April 5, 20264 min read

Building Tape Composition: Stitching Self-Tapes Without Leaving the Browser

By The AuditionPartner.ai Team

engineeringproduct-updateself-tape

Every actor knows the drill. You set up your camera, record your slate — "Hi, I'm Jane Smith reading for the role of Pat" — then launch into the scene. If the scene doesn't go well, you do it again. And again. And every single time, you re-record the slate too.

It's tedious. The slate is the same every time. But traditional self-tape workflows don't separate them — you hit record, do the slate, do the scene, and whatever comes out is your take. If you want to swap the slate or pick a different scene performance, you need editing software.

We wanted to fix that.

Separating slate from scene

The first step was simple in concept: let actors record their slate as a standalone clip. Press record, introduce yourself, stop. That clip lives on its own. Then do the scene separately — as many takes as you want — without ever touching the slate again.

The UI mirrors what actors already know. Camera preview, countdown, record, review.
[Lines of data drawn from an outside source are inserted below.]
lemma unimodular_lower_reduce_rows_below:
  fixes M :: "'a::field poly mat"
  assumes M: "M \<in> carrier_mat n n" and S: "S \<subseteq> {0..<n}"
  shows "t \<le> n \<Longrightarrow> \<exists>U. unimodular n U \<and>
    (\<forall>s\<in>S. s < t \<longrightarrow> (\<forall>j<n. (j \<notin> S \<or> s < j) \<longrightarrow> (M * U) $$ (s,j) = 0))"
proof (induction t)
  case 0
  thus ?case using unimodular_one by blast
next
  case (Suc t)
  then obtain U where U: "unimodular n U"
    and below: "\<forall>s\<in>S. s < t \<longrightarrow> (\<forall>j<n. (j \<notin> S \<or> s < j) \<longrightarrow> (M * U) $$ (s,j) = 0)" by auto
  show ?case
  proof (cases "t \<in> S")
    case False
    have "\<forall>s\<in>S. s < Suc t \<longrightarrow> (\<forall>j<n. (j \<notin> S \<or> s < j) \<longrightarrow> (M * U) $$ (s,j) = 0)"
      using below False less_Suc_eq by blast
    thus ?thesis using U by blast
  next
    case True
    define X where "X = M * U"
    have X: "X \<in> carrier_mat n n" unfolding X_def using M unimodular_carrier[OF U] by auto
    define F where "F = {j. j < n \<and> (j \<notin> S \<or> t \<le> j)}"
    obtain V where V: "unimodular n V" and clears: "\<forall>j\<in>F - {t}. (X * V) $$ (t,j) = 0"
      and keeps: "\<forall>a<n. (\<forall>j\<in>F. X $$ (a,j) = 0) \<longrightarrow> row (X * V) a = row X a"
      using unimodular_clear_row[OF X, of t F t] Suc.prems unfolding F_def by fastforce
    have XV: "M * (U * V) = X * V"
      unfolding X_def using M unimodular_carrier[OF U] unimodular_carrier[OF V] by simp
    have "(X * V) $$ (s,j) = 0" if s: "s \<in> S" "s < Suc t" and j: "j < n" "j \<notin> S \<or> s < j" for s j
    proof (cases "s = t")
      case True
      thus ?thesis using clears j \<open>t \<in> S\<close> unfolding F_def by auto
    next
      case False
      hence "s < t" "s < n" using s S by auto
      moreover have "\<forall>j\<in>F. X $$ (s,j) = 0" using below s \<open>s < t\<close> unfolding F_def X_def by auto
      ultimately have row_s: "row (X * V) s = row X s" using keeps by blast
      have "(X * V) $$ (s,j) = X $$ (s,j)"
        using arg_cong[OF row_s, of "\<lambda>v. v $ j"] X unimodular_carrier[OF V] j(1) \<open>s < n\<close> by simp
      thus ?thesis using below s j \<open>s < t\<close> unfolding X_def by auto
    qed
    thus ?thesis using unimodular_mult[OF U V] XV by metis
  qed
qed

lemma unimodular_lower_reduce:
  fixes M :: "'a::field poly mat"
  assumes M: "M \<in> carrier_mat n n" and S: "S \<subseteq> {0..<n}"
  obtains U where "unimodular n U" "lower_reduced S (M * U)"
proof -
  obtain U where U: "unimodular n U"
    "\<forall>s\<in>S. s < n \<longrightarrow> (\<forall>j<n. (j \<notin> S \<or> s < j) \<longrightarrow> (M * U) $$ (s,j) = 0)"
    using unimodular_lower_reduce_rows_below[OF M S, of n] by auto
  have "dim_col (M * U) = n" using M unimodular_carrier[OF U(1)] by simp
  hence "lower_reduced S (M * U)" using U(2) S unfolding lower_reduced_def by auto
  with U(1) show ?thesis using that by blast
qed
(* Let $n\ge 4$, $N=\{1,\dots,n\}$, fix distinct $i_1,i_2\in N$ and let $\hat N^c=N\setminus\{i_1,i_2\}$. Then the inequality $$x_{i_2i_1}+\sum_{j\in\hat N^c}\left(x_{i_1j}+x_{ji_1}\right)-\sum_{j\in\hat N^c}x_{i_2j}-\sum_{j,j'\in\hat N^c:\,j\ne j'} x_{jj'}\le 2-\frac{(n-3)(n-4)}{2}$$ is a valid inequality for the weak order polytope $P^n_{WO}$, i.e. it holds for every point $x\in P^n_{WO}$.
   Context: Let $N=\{1,\dots,n\}$ and $A_N=\{(i,j): i,j\in N, i\ne j\}$. A weak order on $N$ is a binary relation $W\subseteq N\times N$ that is reflexive, transitive and total; $(i,j)\in W$ is read "$i$ is preferred over or tied with $j$". The characteristic vector of $W$ is $x^W\in\{0,1\}^{A_N}$ with $x^W_{(i,j)}=1$ if $(i,j)\in W$ and $0$ otherwise. The weak order polytope $P^n_{WO}$ is the convex hull of the characteristic vectors of all weak orders on $N$; its points are vectors $x\in\mathbb{R}^{A_N}$ and $x_{ij}$ denotes the coordinate $x_{(i,j)}$. *)

theory Defs
  imports "HOL-Analysis.Analysis"
begin

definition ground :: "nat \<Rightarrow> nat set" where
  "ground n = {1..n}"

definition arcs :: "nat \<Rightarrow> (nat \<times> nat) set" where
  "arcs n = {(i, j). i \<in> ground n \<and> j \<in> ground n \<and> i \<noteq> j}"

definition weak_order :: "nat \<Rightarrow> (nat \<times> nat) set \<Rightarrow> bool" where
  "weak_order n W \<longleftrightarrow> W \<subseteq> ground n \<times> ground n \<and> refl_on (ground n) W \<and> trans W
     \<and> (\<forall>i\<in>ground n. \<forall>j\<in>ground n. (i, j) \<in> W \<or> (j, i) \<in> W)"

definition char_vec :: "nat \<Rightarrow> (nat \<times> nat) set \<Rightarrow> (nat \<times> nat \<Rightarrow> real)" where
  "char_vec n W = (\<lambda>a. if a \<in> arcs n \<and> a \<in> W then 1 else 0)"

text \<open>Function spaces carry no real_vector instance, so the convex hull is written out
  explicitly as the set of finite convex combinations (cf. convex_hull_explicit).\<close>
definition weak_order_polytope :: "nat \<Rightarrow> (nat \<times> nat \<Rightarrow> real) set" where
  "weak_order_polytope n =
     {x. \<exists>S u. finite S \<and> S \<subseteq> {char_vec n W | W. weak_order n W}
          \<and> (\<forall>v\<in>S. 0 \<le> u v) \<and> sum u S = 1
          \<and> x = (\<lambda>a. \<Sum>v\<in>S. u v * v a)}"

end

theory Submission
  imports Defs
begin

text \<open>For a vertex \<open>x = char_vec n W\<close>, let \<open>m = n - 2\<close> be the size of \<open>C = N - {i1, i2}\<close> and
  \<open>a\<close> the number of elements of \<open>C\<close> tied with \<open>i1\<close>. Totality gives
  \<open>\<Sum>j\<in>C. x(i1,j) + x(j,i1) = m + a\<close>, and since every pair of \<open>C\<close> is comparable while
  the \<open>a\<close> elements tied with \<open>i1\<close> are tied with each other, the off-diagonal sum over \<open>C\<close>
  is at least \<open>(m(m-1) + a(a-1))/2\<close>. If \<open>i2\<close> is preferred over or tied with \<open>i1\<close>, it is
  so with all \<open>a\<close> elements tied with \<open>i1\<close>, which cancels the gain of \<open>x(i2,i1) = 1\<close>;
  otherwise the loss \<open>a(a-1)/2 - a \<ge> -1\<close> suffices. Summing up, the left-hand side is at most
  \<open>1 + m - m(m-1)/2 = 2 - (n-3)(n-4)/2\<close>. The inequality is linear, so it extends from the
  vertices to their convex hull.\<close>

definition off_diagonal :: "'a set \<Rightarrow> ('a \<times> 'a) set" where
  "off_diagonal C = {(j, j'). j \<in> C \<and> j' \<in> C \<and> j \<noteq> j'}"

lemma off_diagonal_mono: "A \<subseteq> C \<Longrightarrow> off_diagonal A \<subseteq> off_diagonal C"
  unfolding off_diagonal_def by auto

lemma finite_off_diagonal: "finite C \<Longrightarrow> finite (off_diagonal C)"
  by (rule finite_subset[of _ "C \<times> C"]) (auto simp: off_diagonal_def)

lemma card_off_diagonal:
  assumes "finite C"
  shows "card (off_diagonal C) = card C * (card C - 1)"
proof -
  have "off_diagonal C = C \<times> C - (\<lambda>j. (j, j)) ` C"
    unfolding off_diagonal_def by auto
  moreover have "card ((\<lambda>j. (j, j)) ` C) = card C"
    by (rule card_image) (auto simp: inj_on_def)
  ultimately show ?thesis
    using assms
    by (simp add: card_Diff_subset card_cartesian_product diff_mult_distrib2 image_subset_iff)
qed

lemma swap_off_diagonal: "prod.swap ` off_diagonal C = off_diagonal C"
  unfolding off_diagonal_def by force

lemma of_nat_le_one_plus_pairs: "real k \<le> 1 + real k * (real k - 1) / 2"
proof (cases "k \<le> 1")
  case False
  then have "0 \<le> (real k - 1) * (real k - 2)" by simp
  then show ?thesis by (simp add: field_simps)
qed (auto simp: le_Suc_eq)

lemma char_vec_arc:
  assumes "i \<in> ground n" "j \<in> ground n" "i \<noteq> j"
  shows "char_vec n W (i, j) = of_bool ((i, j) \<in> W)"
  using assms unfolding char_vec_def arcs_def by simp

lemma char_vec_nonneg: "0 \<le> char_vec n W a"
  unfolding char_vec_def by simp

lemma char_vec_add_swap:
  assumes "weak_order n W" "i \<in> ground n" "j \<in> ground n" "i \<noteq> j"
  shows "char_vec n W (i, j) + char_vec n W (j, i) = 1 + of_bool ((i, j) \<in> W \<and> (j, i) \<in> W)"
  using assms char_vec_arc[of i n j W] char_vec_arc[of j n i W]
  unfolding weak_order_def by auto

lemma sum_char_vec_add_swap:
  assumes "weak_order n W" "i \<in> ground n" "C \<subseteq> ground n - {i}"
  shows "(\<Sum>j\<in>C. char_vec n W (i, j) + char_vec n W (j, i))
       = real (card C) + real (card {j \<in> C. (i, j) \<in> W \<and> (j, i) \<in> W})"
proof -
  have "finite C"
    using assms(3) finite_subset unfolding ground_def by blast
  moreover have "C \<inter> {j. (i, j) \<in> W \<and> (j, i) \<in> W} = {j \<in> C. (i, j) \<in> W \<and> (j, i) \<in> W}"
    by blast
  moreover have "(\<Sum>j\<in>C. char_vec n W (i, j) + char_vec n W (j, i))
      = (\<Sum>j\<in>C. 1 + of_bool ((i, j) \<in> W \<and> (j, i) \<in> W))"
  proof (rule sum.cong)
    fix j assume "j \<in> C"
    with assms(3) have "j \<in> ground n" "i \<noteq> j" by auto
    then show "char_vec n W (i, j) + char_vec n W (j, i)
        = 1 + of_bool ((i, j) \<in> W \<and> (j, i) \<in> W)"
      by (rule char_vec_add_swap[OF assms(1,2)])
  qed simp
  ultimately show ?thesis
    by (simp add: sum.distrib)
qed

lemma card_le_sum_char_vec:
  assumes "A \<subseteq> C" "C \<subseteq> ground n - {k}" "k \<in> ground n" "\<And>j. j \<in> A \<Longrightarrow> (k, j) \<in> W"
  shows "real (card A) \<le> (\<Sum>j\<in>C. char_vec n W (k, j))"
proof -
  have "finite C"
    using assms(2) finite_subset unfolding ground_def by blast
  have "(\<Sum>j\<in>A. char_vec n W (k, j)) = (\<Sum>j\<in>A. 1)"
  proof (rule sum.cong)
    fix j assume "j \<in> A"
    with assms have "j \<in> ground n" "k \<noteq> j" "(k, j) \<in> W" by auto
    then show "char_vec n W (k, j) = 1"
      using assms(3) by (simp add: char_vec_arc)
  qed simp
  then have "real (card A) = (\<Sum>j\<in>A. char_vec n W (k, j))"
    by simp
  also have "\<dots> \<le> (\<Sum>j\<in>C. char_vec n W (k, j))"
    using \<open>finite C\<close> assms(1) by (intro sum_mono2) (auto simp: char_vec_nonneg)
  finally show ?thesis .
qed

lemma sum_char_vec_off_diagonal_ge:
  assumes W: "weak_order n W" and "C \<subseteq> ground n" "A \<subseteq> C"
    and tied: "\<And>j j'. j \<in> A \<Longrightarrow> j' \<in> A \<Longrightarrow> (j, j') \<in> W"
  shows "real (card (off_diagonal C)) + real (card (off_diagonal A))
       \<le> 2 * (\<Sum>p\<in>off_diagonal C. char_vec n W p)"
proof -
  let ?D = "off_diagonal C" and ?x = "char_vec n W"
  have "finite C"
    using assms(2) finite_subset unfolding ground_def by blast
  then have finD: "finite ?D"
    by (rule finite_off_diagonal)
  have "off_diagonal A \<subseteq> ?D"
    using assms(3) by (rule off_diagonal_mono)
  then have "real (card ?D) + real (card (off_diagonal A))
      = (\<Sum>p\<in>?D. 1 + of_bool (p \<in> off_diagonal A))"
    using finD by (simp add: sum.distrib Int_absorb1 Int_def[symmetric])
  also have "\<dots> \<le> (\<Sum>p\<in>?D. ?x p + ?x (prod.swap p))"
  proof (rule sum_mono)
    fix p assume "p \<in> ?D"
    then obtain j j' where p: "p = (j, j')" "j \<in> C" "j' \<in> C" "j \<noteq> j'"
      unfolding off_diagonal_def by blast
    have "p \<in> off_diagonal A \<Longrightarrow> (j, j') \<in> W \<and> (j', j) \<in> W"
      using tied p(1) unfolding off_diagonal_def by auto
    moreover have "j \<in> ground n" "j' \<in> ground n"
      using p assms(2) by auto
    ultimately show "1 + of_bool (p \<in> off_diagonal A) \<le> ?x p + ?x (prod.swap p)"
      using p char_vec_add_swap[OF W, of j j'] by auto
  qed
  also have "(\<Sum>p\<in>?D. ?x (prod.swap p)) = (\<Sum>p\<in>?D. ?x p)"
    using sum.reindex[of prod.swap ?D ?x] by (simp add: swap_off_diagonal)
  then have "(\<Sum>p\<in>?D. ?x p + ?x (prod.swap p)) = 2 * (\<Sum>p\<in>?D. ?x p)"
    by (simp add: sum.distrib)
  finally show ?thesis .
qed

lemma weak_order_vertex_inequality:
  fixes n i1 i2 :: nat
  assumes "n \<ge> 4" and i1: "i1 \<in> ground n" and i2: "i2 \<in> ground n" and "i1 \<noteq> i2"
    and W: "weak_order n W"
  defines "x \<equiv> char_vec n W" and "C \<equiv> ground n - {i1, i2}"
  shows "x (i2, i1) + (\<Sum>j\<in>C. x (i1, j) + x (j, i1)) - (\<Sum>j\<in>C. x (i2, j))
      - (\<Sum>p\<in>off_diagonal C. x p) \<le> 2 - real ((n - 3) * (n - 4)) / 2"
proof -
  define A where "A = {j \<in> C. (i1, j) \<in> W \<and> (j, i1) \<in> W}"
  define m where "m = real (card C)"
  define a where "a = real (card A)"
  have "finite C"
    unfolding C_def ground_def by simp
  have "card C = n - 2"
    using assms(2-4) unfolding C_def by (simp add: card_Diff_subset ground_def)
  then have rhs: "real ((n - 3) * (n - 4)) = (m - 1) * (m - 2)"
    using \<open>n \<ge> 4\<close> unfolding m_def by (simp add: of_nat_diff)
  have trans: "trans W"
    using W unfolding weak_order_def by simp
  have "A \<subseteq> C"
    unfolding A_def by blast
  have "(\<Sum>j\<in>C. x (i1, j) + x (j, i1)) = m + a"
    unfolding x_def m_def a_def A_def using W i1
    by (intro sum_char_vec_add_swap) (auto simp: C_def)
  moreover have "m * (m - 1) + a * (a - 1) \<le> 2 * (\<Sum>p\<in>off_diagonal C. x p)"
  proof -
    have "\<And>j j'. j \<in> A \<Longrightarrow> j' \<in> A \<Longrightarrow> (j, j') \<in> W"
      unfolding A_def using trans by (auto dest: transD)
    then have "real (card (off_diagonal C)) + real (card (off_diagonal A))
        \<le> 2 * (\<Sum>p\<in>off_diagonal C. x p)"
      unfolding x_def using W \<open>A \<subseteq> C\<close> by (intro sum_char_vec_off_diagonal_ge) (auto simp: C_def)
    moreover have "real (card (off_diagonal B)) = real (card B) * (real (card B) - 1)"
      if "finite B" for B :: "nat set"
      using that by (cases "card B") (auto simp: card_off_diagonal algebra_simps)
    ultimately show ?thesis
      using \<open>finite C\<close> finite_subset[OF \<open>A \<subseteq> C\<close>] unfolding m_def a_def by simp
  qed
  moreover have "x (i2, i1) - (\<Sum>j\<in>C. x (i2, j)) + a \<le> 1 + a * (a - 1) / 2"
  proof (cases "(i2, i1) \<in> W")
    case True
    then have "x (i2, i1) = 1"
      unfolding x_def using assms(2-4) by (simp add: char_vec_arc)
    moreover have "a \<le> (\<Sum>j\<in>C. x (i2, j))"
      unfolding a_def x_def using True trans \<open>A \<subseteq> C\<close> i2
      by (intro card_le_sum_char_vec) (auto simp: A_def C_def dest: transD)
    moreover have "0 \<le> a * (a - 1)"
      unfolding a_def by (cases "card A") auto
    ultimately show ?thesis by linarith
  next
    case False
    then have "x (i2, i1) = 0"
      unfolding x_def using assms(2-4) by (simp add: char_vec_arc)
    moreover have "0 \<le> (\<Sum>j\<in>C. x (i2, j))"
      unfolding x_def by (simp add: sum_nonneg char_vec_nonneg)
    ultimately show ?thesis
      using of_nat_le_one_plus_pairs[of "card A"] unfolding a_def by linarith
  qed
  ultimately show ?thesis
    unfolding rhs by (simp add: field_simps)
qed

definition linear_functional :: "(('a \<Rightarrow> real) \<Rightarrow> real) \<Rightarrow> bool" where
  "linear_functional L \<longleftrightarrow>
     (\<forall>S u. finite S \<longrightarrow> L (\<lambda>a. \<Sum>v\<in>S. u v * v a) = (\<Sum>v\<in>S. u v * L v))"

lemma linear_functional_eval: "linear_functional (\<lambda>y. y a)"
  unfolding linear_functional_def by simp

lemma linear_functional_add:
  "linear_functional L \<Longrightarrow> linear_functional M \<Longrightarrow> linear_functional (\<lambda>y. L y + M y)"
  unfolding linear_functional_def by (simp add: sum.distrib distrib_left)

lemma linear_functional_diff:
  "linear_functional L \<Longrightarrow> linear_functional M \<Longrightarrow> linear_functional (\<lambda>y. L y - M y)"
  unfolding linear_functional_def by (simp add: sum_subtractf right_diff_distrib)

lemma linear_functional_sum:
  "(\<And>k. k \<in> K \<Longrightarrow> linear_functional (F k)) \<Longrightarrow> linear_functional (\<lambda>y. \<Sum>k\<in>K. F k y)"
  unfolding linear_functional_def by (simp add: sum_distrib_left sum.swap[of _ K])

lemma weak_order_polytope_le:
  assumes "linear_functional L" and "\<And>W. weak_order n W \<Longrightarrow> L (char_vec n W) \<le> b"
    and "x \<in> weak_order_polytope n"
  shows "L x \<le> b"
proof -
  obtain S u where "finite S" and S: "S \<subseteq> {char_vec n W | W. weak_order n W}"
    and u: "\<forall>v\<in>S. 0 \<le> u v" "sum u S = 1" and x: "x = (\<lambda>a. \<Sum>v\<in>S. u v * v a)"
    using assms(3) unfolding weak_order_polytope_def by blast
  have "L x = (\<Sum>v\<in>S. u v * L v)"
    using assms(1) \<open>finite S\<close> unfolding x linear_functional_def by blast
  also have "\<dots> \<le> (\<Sum>v\<in>S. u v * b)"
    using S u(1) assms(2) by (intro sum_mono mult_left_mono) auto
  also have "\<dots> = b"
    using u(2) by (simp flip: sum_distrib_right)
  finally show ?thesis .
qed

theorem mainTheorem4:
  fixes n i1 i2 :: nat and x :: "nat \<times> nat \<Rightarrow> real"
  assumes "n \<ge> 4"
    and "i1 \<in> ground n" and "i2 \<in> ground n" and "i1 \<noteq> i2"
    and "x \<in> weak_order_polytope n"
  shows "x (i2, i1)
      + (\<Sum>j\<in>ground n - {i1, i2}. x (i1, j) + x (j, i1))
      - (\<Sum>j\<in>ground n - {i1, i2}. x (i2, j))
      - (\<Sum>(j, j')\<in>{(j, j'). j \<in> ground n - {i1, i2} \<and> j' \<in> ground n - {i1, i2} \<and> j \<noteq> j'}. x (j, j'))
      \<le> 2 - real ((n - 3) * (n - 4)) / 2"
proof -
  define C where "C = ground n - {i1, i2}"
  let ?L = "\<lambda>y :: nat \<times> nat \<Rightarrow> real. y (i2, i1) + (\<Sum>j\<in>C. y (i1, j) + y (j, i1))
      - (\<Sum>j\<in>C. y (i2, j)) - (\<Sum>p\<in>off_diagonal C. y p)"
  have "linear_functional ?L"
    by (intro linear_functional_add linear_functional_diff linear_functional_sum
        linear_functional_eval)
  moreover have "\<And>W. weak_order n W \<Longrightarrow> ?L (char_vec n W) \<le> 2 - real ((n - 3) * (n - 4)) / 2"
    unfolding C_def using assms(1-4) by (rule weak_order_vertex_inequality)
  ultimately have "?L x \<le> 2 - real ((n - 3) * (n - 4)) / 2"
    using assms(5) by (rule weak_order_polytope_le)
  then show ?thesis
    by (simp add: C_def off_diagonal_def case_prod_eta)
qed

end
(* There exist point sets $U_n\subset\mathbb{R}^2$ of size $n^2/4+\Theta(n)$ such that every rooted directed tree with $n$ vertices has a planar dominance drawing with its vertices placed at distinct points of $U_n$.
   Context: A rooted (directed) tree is a tree whose edges are directed away from the root toward the leaves. A dominance drawing places vertices at distinct points so that there is a directed path from $u$ to $v$ if and only if both coordinates of $v$ are greater than or equal to the corresponding coordinates of $u$; it is planar if, with edges drawn as straight-line segments, no two edges cross. *)

theory Defs
  imports "HOL-Analysis.Analysis"
begin

definition rooted_tree :: "'a set \<Rightarrow> ('a \<times> 'a) set \<Rightarrow> 'a \<Rightarrow> bool" where
  "rooted_tree V E r \<longleftrightarrow>
     finite V \<and> E \<subseteq> V \<times> V \<and> r \<in> V \<and>
     (\<forall>u. (u, r) \<notin> E) \<and>
     (\<forall>v\<in>V. v \<noteq> r \<longrightarrow> (\<exists>!u. (u, v) \<in> E)) \<and>
     (\<forall>v\<in>V. (r, v) \<in> E\<^sup>*)"

definition dominance_drawing ::
  "'a set \<Rightarrow> ('a \<times> 'a) set \<Rightarrow> ('a \<Rightarrow> real \<times> real) \<Rightarrow> bool" where
  "dominance_drawing V E p \<longleftrightarrow>
     inj_on p V \<and>
     (\<forall>u\<in>V. \<forall>v\<in>V. (u, v) \<in> E\<^sup>* \<longleftrightarrow>
        (fst (p u) \<le> fst (p v) \<and> snd (p u) \<le> snd (p v)))"

definition planar_straight_line ::
  "'a set \<Rightarrow> ('a \<times> 'a) set \<Rightarrow> ('a \<Rightarrow> real \<times> real) \<Rightarrow> bool" where
  "planar_straight_line V E p \<longleftrightarrow>
     (\<forall>(a, b)\<in>E. \<forall>w\<in>V. w \<noteq> a \<and> w \<noteq> b \<longrightarrow> p w \<notin> closed_segment (p a) (p b)) \<and>
     (\<forall>(a, b)\<in>E. \<forall>(c, d)\<in>E. (a, b) \<noteq> (c, d) \<longrightarrow>
        closed_segment (p a) (p b) \<inter> closed_segment (p c) (p d) \<subseteq> p ` ({a, b} \<inter> {c, d}))"

definition planar_dominance_drawing_on ::
  "'a set \<Rightarrow> ('a \<times> 'a) set \<Rightarrow> (real \<times> real) set \<Rightarrow> bool" where
  "planar_dominance_drawing_on V E U \<longleftrightarrow>
     (\<exists>p. p ` V \<subseteq> U \<and> dominance_drawing V E p \<and> planar_straight_line V E p)"

end

theory Submission
  imports Defs
begin

text \<open>The root is drawn at the origin and its subtrees are merged in decreasing order of size.
  If the forest built so far has N vertices and lies in the strip x \<le> N, the next subtree,
  of size m \<le> N + 1 because it is the smallest, is drawn recursively and put to the right
  (x \<ge> N + 1, y < m), while the forest is lifted above height m. The two parts neither dominate
  each other nor cross, and m \<le> N + 1 keeps every point inside the set U(n) of grid points
  (i, j) with i + j < n and either i = 0 or 2i + j \<ge> n; it has n + \<lfloor>n^2/4\<rfloor> points.
  Finally, no edge of the forest passes weakly below-left of a child of the root, so the
  segments from the origin to the children cross nothing.\<close>

section \<open>Segments in the plane\<close>

lemma linear_closed_segment_between:
  fixes f :: "'a::real_vector \<Rightarrow> real"
  assumes "linear f" and "z \<in> closed_segment a b"
  shows "min (f a) (f b) \<le> f z \<and> f z \<le> max (f a) (f b)"
proof -
  have "f z \<in> closed_segment (f a) (f b)"
    using assms by (simp add: closed_segment_linear_image)
  then show ?thesis
    by (auto simp: closed_segment_eq_real_ivl split: if_splits)
qed

lemma linear_fst_plus_snd: "linear (\<lambda>x::real \<times> real. fst x + snd x)"
  by (intro linear_compose_add linear_fst linear_snd)

lemma closed_segment_le:
  fixes z :: "real \<times> real"
  assumes "z \<in> closed_segment a b" and "a \<le> c" and "b \<le> c"
  shows "z \<le> c"
  using linear_closed_segment_between[OF linear_fst assms(1)]
    linear_closed_segment_between[OF linear_snd assms(1)] assms(2,3)
  by (auto simp: less_eq_prod_def)

lemma closed_segment_ge:
  fixes z :: "real \<times> real"
  assumes "z \<in> closed_segment a b" and "c \<le> a" and "c \<le> b"
  shows "c \<le> z"
  using linear_closed_segment_between[OF linear_fst assms(1)]
    linear_closed_segment_between[OF linear_snd assms(1)] assms(2,3)
  by (auto simp: less_eq_prod_def)

lemma closed_segment_0_nested:
  fixes P Q :: "'a::real_vector"
  assumes "z \<in> closed_segment 0 P" and "z \<in> closed_segment 0 Q" and "z \<noteq> 0"
  shows "P \<in> closed_segment 0 Q \<or> Q \<in> closed_segment 0 P"
proof -
  have nested: "P \<in> closed_segment 0 Q"
    if eq: "s *\<^sub>R P = t *\<^sub>R Q" and "0 < s" "0 \<le> t" "t \<le> s" for s t and P Q :: 'a
  proof -
    have "P = (1 / s) *\<^sub>R (s *\<^sub>R P)"
      using \<open>0 < s\<close> by simp
    also have "\<dots> = (t / s) *\<^sub>R Q"
      by (simp add: eq)
    finally show ?thesis
      using that by (auto simp: in_segment intro!: exI[of _ "t / s"])
  qed
  obtain s where "0 \<le> s" "s \<le> 1" "z = s *\<^sub>R P"
    using assms(1) by (auto simp: in_segment)
  moreover obtain t where "0 \<le> t" "t \<le> 1" "z = t *\<^sub>R Q"
    using assms(2) by (auto simp: in_segment)
  ultimately show ?thesis
    using assms(3) nested[of s P t Q] nested[of t Q s P]
    by (cases "t \<le> s") auto
qed

lemma closed_segment_translate_iff:
  fixes z :: "'a::real_vector"
  shows "z \<in> closed_segment (a + d) (b + d) \<longleftrightarrow> z - d \<in> closed_segment a b"
  using closed_segment_translation_eq[of d "z - d" a b] by (simp add: add.commute)

lemma closed_segments_0_comparable:
  fixes P Q :: "real \<times> real"
  assumes "0 \<le> P" "0 \<le> Q" and "z \<in> closed_segment 0 P" "z \<in> closed_segment 0 Q" and "z \<noteq> 0"
  shows "P \<le> Q \<or> Q \<le> P"
  using closed_segment_0_nested[OF assms(3-5)] closed_segment_le assms(1,2) by blast

section \<open>Dominance drawings and planarity\<close>

lemma dominance_drawing_iff:
  "dominance_drawing V E p \<longleftrightarrow> inj_on p V \<and> (\<forall>u\<in>V. \<forall>v\<in>V. (u, v) \<in> E\<^sup>* \<longleftrightarrow> p u \<le> p v)"
  by (simp add: dominance_drawing_def less_eq_prod_def)

lemma dominance_drawing_translate:
  "dominance_drawing V E (\<lambda>v. p v + d) \<longleftrightarrow> dominance_drawing V E p"
  by (simp add: dominance_drawing_iff inj_on_def)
The difference is that when you're done, you have a library of slates and a library of scene takes, each labeled with its take number. Slate Take 1. Scene Take 3. Familiar language for anyone who's been on a set.

The composition problem

Having separate clips is only useful if you can combine them. And that's where things get interesting.

Video files aren't like text files — you can't just append one to another. Different browsers record in different formats. Safari produces MP4 with H.264 video. Chrome and Firefox produce WebM with VP8 or VP9. If an actor records their slate in one browser and their scene in another, those are fundamentally different containers with different codecs.

We needed a system that could take any two recordings, regardless of format, and produce a single clean video.

Server-side composition with FFmpeg

The answer was FFmpeg, the Swiss Army knife of video processing. When an actor picks a slate and a scene in our compose dialog, the request goes to our API. We spin up a background task that downloads both recordings, determines whether they need re-encoding, and stitches them together.

If both recordings are the same format — say, two WebM files from Chrome — we use FFmpeg's concat demuxer with stream copy. No re-encoding, near-instant, minimal server load.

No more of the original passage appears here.